Despite the fact this bit of the drive only took us 2 days, we really were taking it nice and easy. Our first stop was in Anglsea, to let Casey have a bit of fun... playing golf. I have to admit even I found the course incredible, it was covered in kangaroos! 

Even saw a little Joey in it's pouch...






I never really got into golf, as I'm sure you can tell...





Next stop, Aireys Inlet, where thanks once again to the book, we stopped at the lighthouse from Round the Twist, and sea stacks similar to the Twelve Apostles, which will appear later in this post.


And at the end of our first day, a stop in Lorne, where I, in the morning, enjoyed yet another coffee on the beach, from my grumpy mug =)

By day 2 of the Great Ocean Road (which was actually day 7 of the road trip), Casey had really got into the swing of stopping at all the brown signs; touristy stops.
Today it seemed to be waterfalls.
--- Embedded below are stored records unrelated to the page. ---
text \<open>For a small item i the form a^2 mass + (2ab + b^2) mass_with is nonnegative, by
  PSD of M_t(y) tested on the lifted signed indicator.\<close>
lemma mass_with_quadratic:
  assumes S: "S \<in> slices" and i: "i \<in> V" "i \<notin> large"
  shows "0 \<le> a * a * mass S + (2 * a * b + b * b) * mass_with S i"
proof -
  let ?z = "mobius_vec large (t - 2) S"
  define z' where "z' I = (if i \<in> I then b * ?z (I - {i}) else a * ?z I)" for I
  have avoid: "i \<notin> K" if "K \<in> slices" for K using that i by (auto simp: bounded_supsets_def)
  have support: "z' I = 0" if "I \<notin> slices \<union> insert i ` slices" for I
  proof (cases "i \<in> I")
    case True
    then have "I - {i} \<notin> slices" using that by (metis UnCI image_eqI insert_Diff)
    then show ?thesis using True by (simp add: z'_def mobius_vec_support)
  qed (use that in \<open>simp add: z'_def mobius_vec_support\<close>)
  have extended: "slices \<union> insert i ` slices \<subseteq> Pt t V"
  proof -
    have "insert i K \<in> Pt t V" if "K \<in> slices" for K
      using slice_facts[OF that] slices_in_Pt(2) that i(1) t_ge_2
      by (auto simp: Pt_def card_insert_if)
    then show ?thesis using slices_in_Pt(2) by blast
  qed
  have "0 \<le> quad_form (Pt t V) y z'" using psd_y by (rule moment_psdD)
  also have "\<dots> = quad_form (slices \<union> insert i ` slices) y z'"
    by (rule quad_form_support[OF finite_Pt extended support])
  also have "\<dots> = a * a * quad_form slices y ?z
      + (2 * a * b + b * b) * quad_form slices (\<lambda>K. y (insert i K)) ?z"
    unfolding z'_def by (rule quad_form_extend[OF finite_slices avoid])
  also have "quad_form slices y ?z = mass S"
    using slice_facts[OF S] by (intro quad_form_mobius_vec[OF finite_large] y_window_zero) auto
  also have "quad_form slices (\<lambda>K. y (insert i K)) ?z = mass_with S i"
    using slice_facts[OF S] i(1)
    by (intro quad_form_mobius_vec[OF finite_large] y_insert_window_zero) auto
  finally show ?thesis .
qed

lemma mass_with_bounds:
  assumes S: "S \<in> slices" and i: "i \<in> V"
  shows "0 \<le> mass_with S i \<and> mass_with S i \<le> mass S"
proof (cases "i \<in> large")
  case True
  then show ?thesis
    using mass_with_member[of i S] mass_with_large_outside[OF S True] mass_nonneg[OF S]
    by (cases "i \<in> S") auto
next
  case False
  then show ?thesis
    using mass_with_quadratic[OF S i False, of 0 1] mass_with_quadratic[OF S i False, of 1 "-1"]
    by simp
qed

lemma mass_with_large:
  assumes "S \<in> slices" "i \<in> large"
  shows "mass_with S i = 0 \<or> mass_with S i = mass S"
  using mass_with_member[of i S] mass_with_large_outside[OF assms] by (cases "i \<in> S") auto

lemma normalized_slice:
  assumes S: "S \<in> slices" and pos: "0 < mass S"
  defines "x \<equiv> \<lambda>i. mass_with S i / mass S"
  shows "lp_feasible V c C x" and "fractional V x \<inter> large = {}"
proof -
  have "(\<Sum>k\<in>V. c k * x k) = (\<Sum>k\<in>V. c k * mass_with S k) / mass S"
    by (simp add: x_def sum_divide_distrib)
  also have "\<dots> \<le> C" using slice_capacity[OF S] pos by (simp add: divide_simps)
  finally show "lp_feasible V c C x"
    using mass_with_bounds[OF S] pos by (simp add: lp_feasible_def x_def divide_simps)
  show "fractional V x \<inter> large = {}"
    using pos by (auto simp: fractional_def x_def dest!: mass_with_large[OF S])
qed

lemma slice_value_bound:
  assumes S: "S \<in> slices"
  shows "(\<Sum>i\<in>V. v i * mass_with S i) \<le> (OPT + OPT / real (t - 1)) * mass S"
proof (cases "mass S = 0")
  case True
  then have "mass_with S i = 0" if "i \<in> V" for i using mass_with_bounds[OF S that] by simp
  then show ?thesis using True by simp
next
  case False
  then have pos: "0 < mass S" using mass_nonneg[OF S] by simp
  define x where "x = (\<lambda>i. mass_with S i / mass S)"
  have small: "\<forall>i\<in>fractional V x. v i \<le> OPT / real (t - 1)"
    using normalized_slice(2)[OF S pos, folded x_def] t_ge_2
    by (auto simp: large_def fractional_def pos_le_divide_eq not_less)
  have "(\<Sum>i\<in>V. v i * x i) \<le> OPT + OPT / real (t - 1)"
    using normalized_slice(1)[OF S pos, folded x_def] small OPT_nonneg cost_nonneg value_nonneg t_ge_2
    by (intro lp_value_bound[OF finite_V]) auto
  moreover have "(\<Sum>i\<in>V. v i * mass_with S i) = (\<Sum>i\<in>V. v i * x i) * mass S"
    using pos by (simp add: x_def sum_distrib_right)
  ultimately show ?thesis using pos by (simp add: mult_right_mono)
qed

text \<open>Summing over the slices, whose masses add up to y {} = 1.\<close>
lemma lasserre_value_bound: "(\<Sum>i\<in>V. v i * y {i}) \<le> (1 + 1 / (real t - 1)) * OPT"
proof -
  have "y {i} = (\<Sum>S\<in>slices. mass_with S i)" for i
    using mobius_sum[OF finite_large, of "t - 2" "\<lambda>K. y (insert i K)"] by simp
  then have "(\<Sum>i\<in>V. v i * y {i}) = (\<Sum>i\<in>V. v i * (\<Sum>S\<in>slices. mass_with S i))"
    by simp
  also have "\<dots> = (\<Sum>S\<in>slices. \<Sum>i\<in>V. v i * mass_with S i)"
    by (simp add: sum_distrib_left sum.swap[of _ slices])
  also have "\<dots> \<le> (\<Sum>S\<in>slices. (OPT + OPT / real (t - 1)) * mass S)"
    by (rule sum_mono) (rule slice_value_bound)
  also have "\<dots> = OPT + OPT / real (t - 1)"
    using mobius_sum[OF finite_large, of "t - 2" y] by (simp add: y_empty flip: sum_distrib_left)
  also have "\<dots> = (1 + 1 / (real t - 1)) * OPT"
    using t_ge_2 by (simp add: of_nat_diff algebra_simps)
  finally show ?thesis .
qed

end

text \<open>The main theorem.\<close>
theorem mainTheorem10:
  fixes V :: "'a set" and c v :: "'a \<Rightarrow> real" and C :: real and t :: nat
    and y :: "'a set \<Rightarrow> real"
  assumes "finite V"
    and "\<And>i. i \<in> V \<Longrightarrow> 0 \<le> c i"
    and "\<And>i. i \<in> V \<Longrightarrow> 0 \<le> v i"
    and "\<And>i. i \<in> V \<Longrightarrow> c i \<le> C"
    and "t \<ge> 2"
    and "y \<in> lasserre_knapsack t V c C"
  shows "(\<Sum>i\<in>V. v i * y {i}) \<le> (1 + 1 / (real t - 1)) * knapsack_OPT V c v C"
proof -
  interpret lasserre_knapsack_point V c v C t y
    using assms by unfold_locales auto
  show ?thesis by (rule lasserre_value_bound)
qed

end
First off was Erskine Falls in the Otaway Forest which were really beautiful, probably to do with the deluge of rain in the previous week.

The second falls we decided to go to, we didn't actually make it to. The path to Sheoak Falls was very flooded, though Casey did design an interesting way to cross the flooded path.





So we went to Teddy's Lookout instead. Now plenty of people have beautiful pictures of the Great Ocean Road, but how many people have pictures of rainbows over the Great Ocean Road. The views of the road were amazing.




And later on the Twelve Apostles, beautiful sea stacks.

And London Bridge, which used to have one more arch which collapsed in 1990, leaving two people stranded out on the bridge.










And my favourite, the Bay of Isles, at sunset.

We reached the end of the Great Ocean Road in Warrnambool that night, 2 days later, 252km from Torquay. The most incredible place we found at Warrnambool was Logan Beach.
The seabed drops away straight off the beach creating a deep channel which humpback whales use as a nursery. Despite the closeness to the beach, my camera wasn't quite good enough to take brilliant pictures, but I'm pretty sure these were killer whales.


I'll just continue now as far as Yambuk, a stop we made half an hour after leaving Warrnambool on the 6th.











We stopped for the sole purpose of the 30m slide listed in 'The Book.' and ended up staying most of the afternoon. Casey managed to catch his first tiny fish and I sat on the beach watching the waves roll in straight from the Antarctic, beautiful!